The 1970 Memorial Park riot was a civil disturbance by alienated white youths that began in Royal Oak, Michigan, on August 24, 1970, and spread to Birmingham, Michigan, both primarily white middle class suburbs of Detroit. The initial conflict resulted from the closure by police of Memorial Park in Royal Oak. Authorities said that the park was being used as a marketplace for the sale of illegal drugs. The riot lasted for three days, and led to the formation of several youth controlled social service organizations.

Background

Memorial Park had become a gathering place for members of the counterculture and radical youths in previous years. In the summer of 1969, a radical youth group called Youth for Peace, Freedom and Justice began holding communal suppers in the park, and also obtained a permit for free film showings in the park, including radical films from the Newsreel Film Collective.

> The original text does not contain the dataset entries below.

lemma integrable_vinner_section_mult:
  fixes h g :: "(real^3) \<times> (real^3) \<Rightarrow> real" and e e' :: "real^3 \<Rightarrow> real"
  assumes h: "square_integrable (lborel \<Otimes>\<^sub>M lborel) h"
    and g: "square_integrable (lborel \<Otimes>\<^sub>M lborel) g"
    and e: "square_integrable lborel e" "vinner e e = 1"
    and e': "square_integrable lborel e'" "vinner e' e' = 1"
  shows "integrable (lborel \<Otimes>\<^sub>M lborel) (\<lambda>z. vinner (\<lambda>v. h (fst z, v)) e' * e (snd z) * g z)"
proof -
  have [measurable]: "h \<in> borel_measurable (lborel \<Otimes>\<^sub>M lborel)" "g \<in> borel_measurable (lborel \<Otimes>\<^sub>M lborel)"
    "e \<in> borel_measurable lborel" "e' \<in> borel_measurable lborel"
    using h g e e' by (auto simp: square_integrable_def)
  define A where "A x = vinner (\<lambda>v. h (x, v)) e'" for x
  define F where "F z = A (fst z) * e (snd z) * g z" for z
  have [measurable]: "A \<in> borel_measurable lborel"
    unfolding A_def vinner_def by measurable
  define Nh where "Nh x = (LINT v|lborel. (h (x, v))\<^sup>2)" for x
  define Ng where "Ng x = (LINT v|lborel. (g (x, v))\<^sup>2)" for x
  have "integrable lborel Nh" "integrable lborel Ng"
    unfolding Nh_def[abs_def] Ng_def[abs_def]
    using lborel_pair.integrable_fst'[of "\<lambda>z. (h z)\<^sup>2"] lborel_pair.integrable_fst'[of "\<lambda>z. (g z)\<^sup>2"] h g
    by (auto simp: square_integrable_def)
  have section_bound: "(LINT v|lborel. \<bar>F (x, v)\<bar>) \<le> (Nh x + Ng x) / 2"
    if hx: "square_integrable lborel (\<lambda>v. h (x, v))" and gx: "square_integrable lborel (\<lambda>v. g (x, v))"
    for x
  proof -
    define I where "I = (LINT v|lborel. \<bar>e v\<bar> * \<bar>g (x, v)\<bar>)"
    have "(A x)\<^sup>2 \<le> Nh x"
      using vinner_unit_sq_le[OF hx e'] unfolding A_def Nh_def by (simp add: vinner_self)
    moreover have "I\<^sup>2 \<le> Ng x"
      using vinner_unit_sq_le[OF square_integrable_abs[OF gx] square_integrable_abs[OF e(1)]] e(2)
      unfolding I_def Ng_def by (simp add: vinner_def mult.commute abs_mult_self_eq power2_eq_square)
    moreover have "2 * (\<bar>A x\<bar> * I) \<le> (A x)\<^sup>2 + I\<^sup>2"
      using sum_squares_bound[of "\<bar>A x\<bar>" I] by (simp add: power2_eq_square)
    moreover have "(LINT v|lborel. \<bar>F (x, v)\<bar>) = \<bar>A x\<bar> * I"
      unfolding F_def I_def by (simp add: abs_mult mult.assoc)
    ultimately have "2 * (LINT v|lborel. \<bar>F (x, v)\<bar>) \<le> Nh x + Ng x"
      by linarith
    then show ?thesis
      by simp
  qed
  have "integrable (lborel \<Otimes>\<^sub>M lborel) F"
  proof (rule lborel_pair.Fubini_integrable)
    show "F \<in> borel_measurable (lborel \<Otimes>\<^sub>M lborel)"
      unfolding F_def by measurable
    show "AE x in lborel. integrable lborel (\<lambda>v. F (x, v))"
      using lborel_pair.AE_square_integrable_Pair[OF g]
    proof eventually_elim
      case (elim x)
      then show ?case
        using integrable_mult_square_integrable[OF e(1) elim] by (simp add: F_def mult.assoc)
    qed
    show "integrable lborel (\<lambda>x. LINT v|lborel. norm (F (x, v)))"
    proof (rule Bochner_Integration.integrable_bound)
      show "integrable lborel (\<lambda>x. (Nh x + Ng x) / 2)"
        using \<open>integrable lborel Nh\<close> \<open>integrable lborel Ng\<close> by auto
      show "(\<lambda>x. LINT v|lborel. norm (F (x, v))) \<in> borel_measurable lborel"
        unfolding F_def by measurable
      show "AE x in lborel. norm (LINT v|lborel. norm (F (x, v))) \<le> norm ((Nh x + Ng x) / 2)"
        using lborel_pair.AE_square_integrable_Pair[OF h] lborel_pair.AE_square_integrable_Pair[OF g]
      proof eventually_elim
        case (elim x)
        have "0 \<le> Nh x" "0 \<le> Ng x"
          by (simp_all add: Nh_def Ng_def)
        then show ?case
          using section_bound[OF elim] by simp
      qed
    qed
  qed
  then show ?thesis
    unfolding F_def A_def by simp
qed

On May 6, 1970, an antiwar demonstration was held at the park that culminated in a march to the local draft board office. A "fist-swinging melee" between police and 100 youths ensued. Five youths were arrested, and a policeman and three protesters were injured.

By the summer of 1970, Memorial Park was well known as a gathering place for alienated youths and street people who often called themselves "freaks". Drug sales, drug use and large parties were commonplace in the park.

Officials stated that the youths had a "protective attitude" toward the park and claimed the right to "do their own thing". Fifteen "hippie-garbed" undercover police officers infiltrated the drug scene at the park, documenting illegal drug sales.

Closure of Memorial Park and first night of rioting

On the evening of Monday, August 24, 1970, the Royal Oak Police Department closed Memorial Park and ordered the people in the park to disperse. Some of the police officers were "firing revolvers in the air" when they entered the park.

In response to the park's closure, 800 youths began a four-hour battle with the police that included throwing bottles and rocks, smashing windows, and erecting tire barricades on Woodward Avenue, one of the main traffic arteries in the Detroit metropolitan area.

Mrs. Ralph Akens, a woman living adjacent to the park, asked, "How would you like 500 trashy hippies across the street from you?", and supported an indefinite closure of the park.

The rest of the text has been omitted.